I may dread the winter, stretching out gloomily to April, but I would not want to live without it. I have. Southeast Texas, where I grew up – and New Orleans before that – exists in a state of perpetual summer with maybe a week of something akin to winter. That week isn’t even seven days, or 24 hours of a day, in a row. Such constancy did not work well for me. Something in me needs the change of season. While I need those humid, unbearably hot days of summer (as long as I have the option of a.c., of course, since I am a weather wimp), I also need the changing leaves and cooler days of autumn, I need the soft crescendo of colors in the spring, and I do need cold and snow in the winter.
Scenes such as this offer a sense of peace and quiet that no other season can:




Sometimes, deer flock through.
Despite appearances, these are not black and white photos.
3 comments:
Those are really, really lovely.
I hear you, on all counts. I like the top and second last the best!
Gorgeous pictures!
You know, I grew up in NOLA, too! Although, duh, I guess. When I moved to Grad City, I thought it was so wonderful to have seasons because I remember sweating in sweaters and "winter" coats during my birthday and christmas time because I knew that Christmas was supposed to be cold (and my birthday, too, in early December), so I would torture myself by dressing in winter clothes for the "winter" holidays just to pretend to have a season.

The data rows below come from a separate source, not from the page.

lemma pencil_avoid_set_finite: "finite (pencil_avoid_set x)" "0 \<notin> pencil_avoid_set x"
  unfolding pencil_avoid_set_def by auto

lemma pencil_line_admissible:
  assumes G': "G' \<in> X'" and x: "represents (n - 1) G' x"
    and w: "\<forall>r\<in>pencil_avoid_set x. pair3 r w \<noteq> 0"
  shows "cross (cross (x a) (x b)) w \<noteq> 0 \<and> G'(n := proj_pt (cross (cross (x a) (x b)) w)) \<in> X"
proof -
  have ix: "pairwise_indep (n - 1) x" "same_incidence (n - 1) x y" using X'_props[OF G' x] by auto
  have x0: "x i \<noteq> 0" if "i \<in> {1..n-1}" for i using x that unfolding represents_def by blast
  define P where "P = cross (x a) (x b)"
  have P0: "P \<noteq> 0" using ix ab unfolding pairwise_indep_def P_def by auto
  have vanish_iff: "tdet y i j n = 0 \<longleftrightarrow> cross (cross (x i) (x j)) P = 0"
    if "i \<in> {1..n-1}" "j \<in> {1..n-1}" "i \<noteq> j" for i j
    using one_point_vanish_iff[OF that] transfer_to_y[OF ix that(1,2) ab] unfolding P_def by simp
  have xS: "pair3 (x i) w \<noteq> 0" if "i \<in> {1..n-1}" "pair3 (x i) P = 0" for i
    using w that x0 unfolding pencil_avoid_set_def P_def by auto
  have cS: "pair3 (cross (cross (x i) (x j)) P) w \<noteq> 0"
    if "i \<in> {1..n-1}" "j \<in> {1..n-1}" "cross (cross (x i) (x j)) P \<noteq> 0" for i j
  proof -
    have "cross (cross (x i) (x j)) P \<in> pencil_avoid_set x"
      using that unfolding pencil_avoid_set_def P_def by auto
    thus ?thesis using w by blast
  qed
  have aS: "pair3 (x a) w \<noteq> 0" using xS[OF ab(1)] unfolding P_def by simp
  have h0: "cross P w \<noteq> 0"
  proof
    assume "cross P w = 0"
    then obtain k where "w = k *s P" using cross_zero_imp_parallel[OF P0] by blast
    hence "pair3 (x a) w = 0" unfolding P_def by simp
    thus False using aS by blast
  qed
  have new_line: "\<forall>i\<in>{1..n-1}. cross (cross P w) (x i) \<noteq> 0"
  proof
    fix i assume i: "i \<in> {1..n-1}"
    have "pair3 (x i) w \<noteq> 0" if "pair3 P (x i) = 0"
      using xS[OF i] that pair3_commute[of P "x i"] by metis
    thus "cross (cross P w) (x i) \<noteq> 0" using cross_cross_nonzero[OF P0 h0] by blast
  qed
  have incid: "\<forall>i\<in>{1..n-1}. \<forall>j\<in>{1..n-1}. i \<noteq> j \<longrightarrow>
      (pair3 (cross (x i) (x j)) (cross P w) = 0 \<longleftrightarrow> tdet y i j n = 0)"
  proof (intro ballI impI)
    fix i j assume ij: "i \<in> {1..n-1}" "j \<in> {1..n-1}" "i \<noteq> j"
    have "pair3 (cross (x i) (x j)) (cross P w) = pair3 (cross (cross (x i) (x j)) P) w"
      by (rule triple_assoc)
    thus "pair3 (cross (x i) (x j)) (cross P w) = 0 \<longleftrightarrow> tdet y i j n = 0"
      using vanish_iff[OF ij] cS[OF ij(1,2)] by (cases "cross (cross (x i) (x j)) P = 0") auto
  qed
  show ?thesis using X_extend[OF G' x h0 new_line incid] h0 unfolding P_def by blast
qed

lemma one_point_fibre:
  assumes "G' \<in> X'" "represents (n - 1) G' x"
  shows "fibre_irreducible n X (range (\<lambda>w x. cross (cross (x a) (x b)) w)) G' x"
proof (rule fibre_irreducible_linear[where L = "cross (cross (x a) (x b))", OF _ pencil_avoid_set_finite[of x]])
  show "cross (cross (x a) (x b)) (u + s *s v) = cross (cross (x a) (x b)) u + s *s cross (cross (x a) (x b)) v"
    for u v s by (simp add: cross_add_right)
  show "q x \<in> range (cross (cross (x a) (x b)))" if "q \<in> range (\<lambda>w x. cross (cross (x a) (x b)) w)" for q
    using that by auto
  show "cross (cross (x a) (x b)) w \<noteq> 0 \<and> G'(n := proj_pt (cross (cross (x a) (x b)) w)) \<in> X"
    if "\<forall>r\<in>pencil_avoid_set x. pair3 r w \<noteq> 0" for w
    using pencil_line_admissible[OF assms that] .
qed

But after ten years of bitter bitter coldness and what seem to be never ending winters, I miss the heat of winter in NOLA. when we were there just a couple of weeks ago, it did not bother me that it was January and 70 degrees outside. But I bet the first winter I move back there, I'll miss the wintry wonderland. the grass is always greener...
I grew up Catholic, but my dad and my grandparents were the only non-Catholics I knew. Actually, I couldn't wrap my head around the non-Catholics down the street who went to a private school because I didn't understand that not all schools weren't Catholic schools. It's such a weird and wonderful place to grow up. I miss it so much.